Note: In Windows 11, you may need to select “Windows Terminal (Admin)” instead of “Command Prompt (Admin)” or “PowerShell (Admin)”.

At the command prompt, type the following command and press Enter to run a full system scan and have SFC try to repair it:

sfc /scannow

Command prompt with sfc /scannow running.

Leave the Command Prompt window open until the command completes, which may take some time. If all is well, you will see the message “Windows Resource Protection did not find any integrity violations.”

RELATED: How to use safe mode to fix your Windows PC (and when you should)

If you see the message “Windows Resource Protection found corrupt files but was unable to repair some of them”, try restarting your PC in safe mode and running the command again.

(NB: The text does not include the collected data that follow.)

(* Let $\ell\geq 1$ be an integer. There is a constant $\sigma_\ell$ depending only on $\ell$ such that for every integer $s\geq 0$ and every $\mathbf{a}=(a_0,\ldots,a_\ell)\in\mathbb{R}^{\ell+1}$ the matrix $A_{s,\mathbf{a}}\in M_{\ell+1}(\mathbb{R})$ with entries \[ (A_{s,\mathbf{a}})_{ij}=\big((i-1)(\ell+1)+j\big)^{\ell-1}\quad (1\leq i\leq \ell,\ 1\leq j\leq \ell+1),\qquad (A_{s,\mathbf{a}})_{\ell+1,j}=(j-1)^s a_{j-1}\quad (1\leq j\leq \ell+1) \] satisfies \[ \det(A_{s,\mathbf{a}})=\sigma_\ell\sum_{j=0}^{\ell}(-1)^j\binom{\ell}{j} j^s a_j . \]
   Context: The convention $0^0=1$ is used. *)

theory Defs
  imports "Jordan_Normal_Form.Determinant"
begin

text \<open>The (l+1)x(l+1) matrix A_{s,a}, indices shifted to 0-based:
  row i < l (paper row i+1), column j (paper column j+1):
  entry (i*(l+1) + j + 1)^(l-1); last row i = l: j^s * a j (with 0^0 = 1).\<close>
definition A_mat :: "nat \<Rightarrow> nat \<Rightarrow> (nat \<Rightarrow> real) \<Rightarrow> real mat" where
  "A_mat l s a = mat (l+1) (l+1)
     (\<lambda>(i,j). if i < l then real ((i*(l+1) + j + 1) ^ (l-1)) else real j ^ s * a j)"

end

(* The vector w = ((-1)^j (l choose j))_j is orthogonal to every row of A but the last: each such
   row lists the values of a polynomial of degree l - 1 at l + 1 consecutive integers, and w takes
   their l-th finite difference. By Cramer's rule, replacing the last column of A by A w multiplies
   det A by w_l = (-1)^l; the new column vanishes except for its last entry, so expanding along it
   gives (-1)^l det A = (sum of the paper) * det A', where the minor A' involves neither s nor a. *)

theory Submission
  imports Defs
begin

lemma alternating_binomial_sum_power_eq_0:
  fixes c :: "'a :: comm_ring_1"
  assumes "k < n"
  shows "(\<Sum>j\<le>n. (-1)^j * of_nat (n choose j) * (c + of_nat j)^k) = 0"
  using assms
proof (induction k arbitrary: n c)
  case 0
  then show ?case using choose_alternating_sum[of n, where 'a='a] by (simp add: atLeast0AtMost)
next
  case (Suc k)
  then obtain m where n: "n = Suc m" and km: "k < m" by (cases n) auto
  \<comment> \<open>Split (c + j)^(k+1) = c (c + j)^k + j (c + j)^k; as j (n choose j) = n (m choose j - 1),
     the second part is the same kind of sum for m and c + 1.\<close>
  have "(\<Sum>j\<le>n. (-1)^j * of_nat (n choose j) * (c + of_nat j)^Suc k)
      = c * (\<Sum>j\<le>n. (-1)^j * of_nat (n choose j) * (c + of_nat j)^k)
        + (\<Sum>j\<le>n. (-1)^j * of_nat (n choose j) * of_nat j * (c + of_nat j)^k)"
    by (simp add: sum_distrib_left sum.distrib[symmetric] algebra_simps)
  also have "(\<Sum>j\<le>n. (-1)^j * of_nat (n choose j) * of_nat j * (c + of_nat j)^k)
      = (\<Sum>i\<le>m. (-1)^Suc i * of_nat (Suc m choose Suc i) * of_nat (Suc i) * (c + of_nat (Suc i))^k)"
    unfolding n by (subst sum.atMost_Suc_shift) simp
  also have "\<dots> = - of_nat n * (\<Sum>i\<le>m. (-1)^i * of_nat (m choose i) * ((c + 1) + of_nat i)^k)"
    unfolding sum_distrib_left n
  proof (rule sum.cong[OF refl])
    fix i
    have "of_nat (Suc m choose Suc i) * of_nat (Suc i) = (of_nat (Suc m) * of_nat (m choose i) :: 'a)"
      using arg_cong[OF Suc_times_binomial[of i m], of "of_nat :: nat \<Rightarrow> 'a"]
      by (simp only: of_nat_mult mult.commute)
    moreover have "c + of_nat (Suc i) = (c + 1) + of_nat i"
      by (simp add: algebra_simps)
    ultimately show "(-1)^Suc i * of_nat (Suc m choose Suc i) * of_nat (Suc i) * (c + of_nat (Suc i))^k
      = - of_nat (Suc m) * ((-1)^i * of_nat (m choose i) * ((c + 1) + of_nat i)^k)"
      by (metis (no_types, lifting) mult.assoc mult.left_commute mult_minus_left power_Suc mult_1 mult_minus1)
  qed
  finally show ?case using Suc.IH[of n c] Suc.IH[OF km] Suc.prems by simp
qed

lemma det_by_last_row_of_column_relation:
  fixes A :: "'a :: comm_ring_1 mat"
  assumes A: "A \<in> carrier_mat (Suc n) (Suc n)" and x: "x \<in> carrier_vec (Suc n)"
    and upper_rows: "\<And>i. i < n \<Longrightarrow> row A i \<bullet> x = 0"
  shows "x $ n * det A = (row A n \<bullet> x) * det (mat_delete A n n)"
proof -
  let ?B = "replace_col A (A *\<^sub>v x) n"
  have B: "?B \<in> carrier_mat (Suc n) (Suc n)"
    using A by (simp add: replace_col_def)
  have last_col: "?B $$ (i, n) = (if i = n then row A n \<bullet> x else 0)" if "i < Suc n" for i
    using that A upper_rows by (auto simp: replace_col_def)
  have "x $ n * det A = det ?B"
    using cramer_lemma_mat[OF A x] by simp
  also have "\<dots> = (\<Sum>i<Suc n. ?B $$ (i, n) * cofactor ?B i n)"
    by (rule laplace_expansion_column[OF B]) simp
  also have "\<dots> = (row A n \<bullet> x) * cofactor ?B n n"
    by (simp add: last_col)
  also have "cofactor ?B n n = det (mat_delete A n n)"
    using A by (auto simp: cofactor_def replace_col_def mat_delete_def intro!: arg_cong[of _ _ det] eq_matI)
  finally show ?thesis .
qed

definition alternating_binomial_vec :: "nat \<Rightarrow> 'a :: comm_ring_1 vec" where
  "alternating_binomial_vec n = vec (Suc n) (\<lambda>j. (-1)^j * of_nat (n choose j))"

lemma alternating_binomial_vec_carrier: "alternating_binomial_vec n \<in> carrier_vec (Suc n)"
  by (simp add: alternating_binomial_vec_def)

lemma row_A_mat_upper_alternating_binomial:
  assumes "1 \<le> l" and "i < l"
  shows "row (A_mat l s a) i \<bullet> alternating_binomial_vec l = 0"
proof -
  have "row (A_mat l s a) i \<bullet> alternating_binomial_vec l
      = (\<Sum>j\<le>l. (-1)^j * real (l choose j) * (real (i * (l + 1) + 1) + real j)^(l - 1))"
    unfolding scalar_prod_def
    by (rule sum.cong) (use assms in \<open>auto simp: A_mat_def alternating_binomial_vec_def mult_ac add_ac\<close>)
  also have "\<dots> = 0"
    using alternating_binomial_sum_power_eq_0[of "l - 1" l] assms(1) by simp
  finally show ?thesis .
qed

lemma row_A_mat_last_alternating_binomial:
  "row (A_mat l s a) l \<bullet> alternating_binomial_vec l
     = (\<Sum>j=0..l. (-1)^j * real (l choose j) * real j ^ s * a j)"
  unfolding scalar_prod_def
  by (rule sum.cong) (auto simp: A_mat_def alternating_binomial_vec_def)

lemma mat_delete_A_mat_last:
  "mat_delete (A_mat l s a) l l = mat_delete (A_mat l 0 (\<lambda>_. 0)) l l"
  by (auto simp: A_mat_def mat_delete_def intro!: eq_matI)

theorem proposition1:
  fixes l :: nat
  assumes "l \<ge> 1"
  shows "\<exists>\<sigma>::real. \<forall>(s::nat) (a::nat \<Rightarrow> real).
           det (A_mat l s a) = \<sigma> * (\<Sum>j=0..l. (-1)^j * real (l choose j) * real j ^ s * a j)"
proof (intro exI allI)
  fix s a
  let ?S = "\<Sum>j=0..l. (-1)^j * real (l choose j) * real j ^ s * a j"
  let ?D = "det (mat_delete (A_mat l 0 (\<lambda>_. 0)) l l)"
  have carrier: "A_mat l s a \<in> carrier_mat (Suc l) (Suc l)"
    by (simp add: A_mat_def)
  have "alternating_binomial_vec l $ l * det (A_mat l s a)
      = ?S * det (mat_delete (A_mat l s a) l l)"
    using det_by_last_row_of_column_relation[OF carrier alternating_binomial_vec_carrier
        row_A_mat_upper_alternating_binomial[OF assms]]
    by (simp add: row_A_mat_last_alternating_binomial)
  then have eq: "(-1)^l * det (A_mat l s a) = ?S * ?D"
    by (simp add: alternating_binomial_vec_def mat_delete_A_mat_last[of l s a])
  have "det (A_mat l s a) = (-1)^l * ((-1)^l * det (A_mat l s a))"
    by (simp add: mult.assoc[symmetric] flip: power_add)
  also have "\<dots> = ((-1)^l * ?D) * ?S"
    by (simp only: eq mult_ac)
  finally show "det (A_mat l s a) = ((-1)^l * ?D) * ?S" .
qed

end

And if that fails, you can also try booting with your installation media or recovery disc and try the command from there.

Scan results now --- found corrupt files.

Run DISM command to fix SFC issues

Normally you should not have to run the DISM command. However, if the SFC command fails or fails to replace a damaged file with the correct one, the DISM command, or the System Update Readiness Tool in Windows 7, can sometimes repair the underlying Windows system and get SFC to run properly.

To run the DISM command in Windows 8, 10, and 11, open Command Prompt, PowerShell, or Windows Terminal with administrative privileges. Type the following command and then press Enter to have DISM check your Windows Component Store for corruption and automatically fix any issues it finds.

DISM /Online /Cleanup-Image /RestoreHealth

Allow the command to finish running before closing the command prompt window. This can take five to ten minutes. It’s normal for the progress bar to stay at 20 percent for a while, so don’t worry about that.

Command Prompt by running the DISM command.

If the results of the DISM command indicate that something was changed, restart your PC and then you should be able to run the SFC command successfully.

In Windows 7 and earlier versions, the DISM command is not available. Instead, you can download and run Microsoft’s System Update Readiness Tool and use it to scan your system for problems and try to fix them.

Note: If you’re still using Windows 7, you’ll need to get the correct version of the Readiness Tool. The latest version available is “System Update Readiness Tool for Windows 7 for x64-based Systems (KB947821) [October 2014]. “Download that.

Try a system restore or system reset Next

If you are still having system problems and the SFC and DISM commands do not help, you can try more drastic actions.

Running the System Restore tool will restore your Windows operating system files, settings, and applications to a previous state. This can fix system corruption issues if the operating system was not also corrupted at the previous point when the restore point was created.

RELATED: How to use System Restore in Windows 10, 11, 7 and 8

And if all else fails, you can always resort to performing a system reset or reinstalling Windows. In Windows 8, 10, and 11, you can perform a “Reset this PC” operation to reset Windows to its default state. You will have the option to keep your personal files in place, although you will have to reinstall programs, or remove everything and perform a complete reinstall. Whichever you choose, make sure you’ve backed up your PC first! On Windows 7 and earlier, this will require using the recovery partition provided by the computer manufacturer or reinstalling Windows from scratch.

The options

If you encounter other errors while running any of the commands we’ve covered, try searching the web for the specific errors you encounter. Commands will often prompt you to check in files with more information if they fail; check the logs for more details on specific issues. Ultimately, it may not be worth it to fix serious Windows corruption problems when you can simply reset Windows to its default state or reinstall it. That decision will be yours.